Identifying Effective, Food-Grade Dispersants for the Future

This figure depicts two vials in which a thin layer of crude oil was placed over simulated sea water. Different dispersants were added to each vial, and the vials were lightly shaken and photographed 30 minutes later. The left vial shows an example of bad or ineffective emulsion, where the crude oil remains as a dark brown slick on the water’s surface and the water column contains negligible oil. The right vial shows an example of good and effective emulsion, where the crude oil is dispersed into small droplets in the water column. (Photos by Jasmin Athas)

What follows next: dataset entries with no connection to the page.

lemma ssd_diff_right [simp]: "s c (x - y) = s c x - s c y"
  using linear_diff[OF ssd_linear_right] .

lemma ssd_scale_right [simp]: "s c (r *\<^sub>R x) = r * s c x"
  using linear_scale[OF ssd_linear_right] by simp

lemma ssd_sum_right [simp]: "s x (\<Sum>c\<in>F. a c *\<^sub>R c) = (\<Sum>c\<in>F. a c * s x c)"
  using linear_sum[OF ssd_linear_right, where g = "\<lambda>c. a c *\<^sub>R c" and S = F] by simp

lemma qf_diff: "qf s (a - b) = qf s a - s a b + qf s b"
  unfolding qf_def using ssd_sym[of a b] by (simp add: field_simps)

lemma q_positive_pairing_le: "q_positive s A \<Longrightarrow> a \<in> A \<Longrightarrow> a' \<in> A \<Longrightarrow> s a a' - qf s a' \<le> qf s a"
  unfolding q_positive_def using qf_diff[of a a'] by force

lemma PhiA_eq_qf:
  assumes "q_positive s A" "a \<in> A"
  shows "PhiA s A a = ereal (qf s a)"
proof (rule antisym)
  show "PhiA s A a \<le> ereal (qf s a)"
    using q_positive_pairing_le[OF assms] by (rule PhiA_le)
  show "ereal (qf s a) \<le> PhiA s A a"
    using PhiA_ge[OF assms(2), where s = s and x = a] by (simp add: qf_def)
qed

lemma fenchel_PhiA_eq_qf:
  assumes "q_positive s A" "a \<in> A"
  shows "fenchel_at s (PhiA s A) a = ereal (qf s a)"
proof (rule antisym)
  have "ereal (s c a) - PhiA s A c \<le> ereal (qf s a)" for c
    using PhiA_ge[OF assms(2), where s = s and x = c] by (cases "PhiA s A c") auto
  then show "fenchel_at s (PhiA s A) a \<le> ereal (qf s a)"
    unfolding fenchel_at_def by (rule SUP_least)
  show "ereal (qf s a) \<le> fenchel_at s (PhiA s A) a"
    using fenchel_at_ge[where s = s and c = a and b = a and f = "PhiA s A"] by (simp add: PhiA_eq_qf[OF assms] qf_def)
qed

lemma subset_Gf_PhiA: "q_positive s A \<Longrightarrow> A \<subseteq> Gf s (PhiA s A)"
  unfolding Gf_def by (auto simp: PhiA_eq_qf fenchel_PhiA_eq_qf qf_def)

lemma fenchel_PhiA_eq_infinity_if_separated:
  assumes "q_positive s A" "0 < \<delta>" and separated: "\<And>a. a \<in> A \<Longrightarrow> s b w + \<delta> \<le> s a w"
  shows "fenchel_at s (PhiA s A) b = \<infinity>"
proof (rule ereal_top)
  fix B
  obtain a0 where a0: "a0 \<in> A"
    using assms(1) unfolding q_positive_def by blast
  define t where "t = max 0 ((B - s a0 b + qf s a0) / \<delta>)"
  have "t \<ge> 0"
    by (simp add: t_def)
  define x where "x = a0 - t *\<^sub>R w"
  \<comment> \<open>along \<open>a0 - t w\<close>, \<open>PhiA s A\<close> drops by \<open>t (s b w + \<delta>)\<close>, the pairing with \<open>b\<close> only by \<open>t s b w\<close>\<close>
  have "PhiA s A x \<le> ereal (qf s a0 - t * (s b w + \<delta>))"
  proof (rule PhiA_le)
    fix a assume a: "a \<in> A"
    have "t * (s b w + \<delta>) \<le> t * s w a"
      using separated[OF a] ssd_sym[of w a] \<open>t \<ge> 0\<close> by (simp add: mult_left_mono)
    then show "s x a - qf s a \<le> qf s a0 - t * (s b w + \<delta>)"
      using q_positive_pairing_le[OF assms(1) a0 a] by (simp add: x_def)
  qed
  then have "ereal (s x b - (qf s a0 - t * (s b w + \<delta>))) \<le> fenchel_at s (PhiA s A) b"
    by (rule order_trans[OF ereal_minus_ge_ereal_minus fenchel_at_ge])
  moreover have "s x b - (qf s a0 - t * (s b w + \<delta>)) = s a0 b - qf s a0 + t * \<delta>"
    using ssd_sym[of w b] by (simp add: x_def algebra_simps)
  moreover have "B \<le> s a0 b - qf s a0 + t * \<delta>"
    using \<open>0 < \<delta>\<close> by (simp add: t_def max_def field_simps)
  ultimately show "ereal B \<le> fenchel_at s (PhiA s A) b"
    by (metis ereal_less_eq(3) order_trans)
qed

(Click to enlarge) This figure depicts two vials in which a thin layer of crude oil was placed over simulated sea water. Different dispersants were added to each vial, and the vials were lightly shaken and photographed 30 minutes later. The left vial shows an example of bad or ineffective emulsion, where the crude oil remains as a dark brown slick on the water’s surface and the water column contains negligible oil. The right vial shows an example of good and effective emulsion, where the crude oil is dispersed into small droplets in the water column. (Photos by Jasmin Athas)

Oil spill responders currently have the option to treat oil spills with a synthetic dispersant called Corexit, however scientists continue to search for alternatives. In this search, scientists seek to develop an understanding of the specific mechanisms that drive dispersion and identify an effective combination of food-grade components.

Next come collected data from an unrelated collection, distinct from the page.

lemma lookup_hvar_mult_eq_0:
  assumes "Poly_Mapping.lookup m i = 0"
  shows "Poly_Mapping.lookup (hvar i * p) m = 0"
proof -
  have "(Poly_Mapping.lookup p q when m = unit_exp i + q) = 0" for q
    using assms by (auto simp: lookup_add when_def)
  then show ?thesis
    by (simp add: hvar_def lookup_mult lookup_single when_mult mult_when)
qed

lemma add_unit_exp_minus:
  "Poly_Mapping.lookup m i \<noteq> 0 \<Longrightarrow> m - unit_exp i + unit_exp i = m"
  by (rule poly_mapping_eqI) (auto simp: lookup_add lookup_minus lookup_single when_def)

lemma lookup_pderiv_var:
  "Poly_Mapping.lookup (pderiv_var i p) m =
     of_nat (Poly_Mapping.lookup m i + 1) * Poly_Mapping.lookup p (m + unit_exp i)"
proof -
  define c where "c m' = of_nat (Poly_Mapping.lookup m' i) * Poly_Mapping.lookup p m'" for m'
  have "(c m' when m' - unit_exp i = m) = (c m' when m' = m + unit_exp i)" for m'
    using add_unit_exp_minus[of m' i]
    by (cases "Poly_Mapping.lookup m' i = 0") (auto simp: c_def when_def)
  then have "Poly_Mapping.lookup (pderiv_var i p) m =
      (\<Sum>m'\<in>Poly_Mapping.keys p. c m' when m' = m + unit_exp i)"
    by (simp add: pderiv_var_def lookup_sum lookup_single c_def)
  also have "\<dots> = c (m + unit_exp i)"
    by (simp add: when_def in_keys_iff c_def)
  finally show ?thesis
    by (simp add: c_def lookup_add)
qed

lemma pderiv_var_add: "pderiv_var i (p + q) = pderiv_var i p + pderiv_var i q"
  by (rule poly_mapping_eqI) (simp add: lookup_pderiv_var lookup_add algebra_simps)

The Gulf of Mexico Research Initiative (GoMRI) awarded Dr. Srinivasa Raghavan a grant to investigate and identify a viable alternative to Corexit. Dispersants contain surfactant compounds that help break up oil into tiny droplets, particularly when the oil encounters agitations such as wave motion. Preliminary research identified soy lecithin, a nontoxic food-grade surfactant, as a viable replacement for dioctyl sodium sulfosuccinate (DOSS), a synthetic surfactant that is one of Corexit’s major oil-dispersing compounds.

The team will study the fundamental mechanisms of efficient dispersion to reveal ways that dispersant formulations can be enhanced and optimized for a variety of complex applications, such as dispersing highly viscous or weathered oils. The researchers will apply various combinations of lecithin and other widely available food-grade surfactants to a thin oil layer on a simulated saltwater sea surface and identify which formulations best disperse oil. They will examine how much oil is dispersed and the dispersed oil’s stability to remain in the water column and not recoalesce at the surface.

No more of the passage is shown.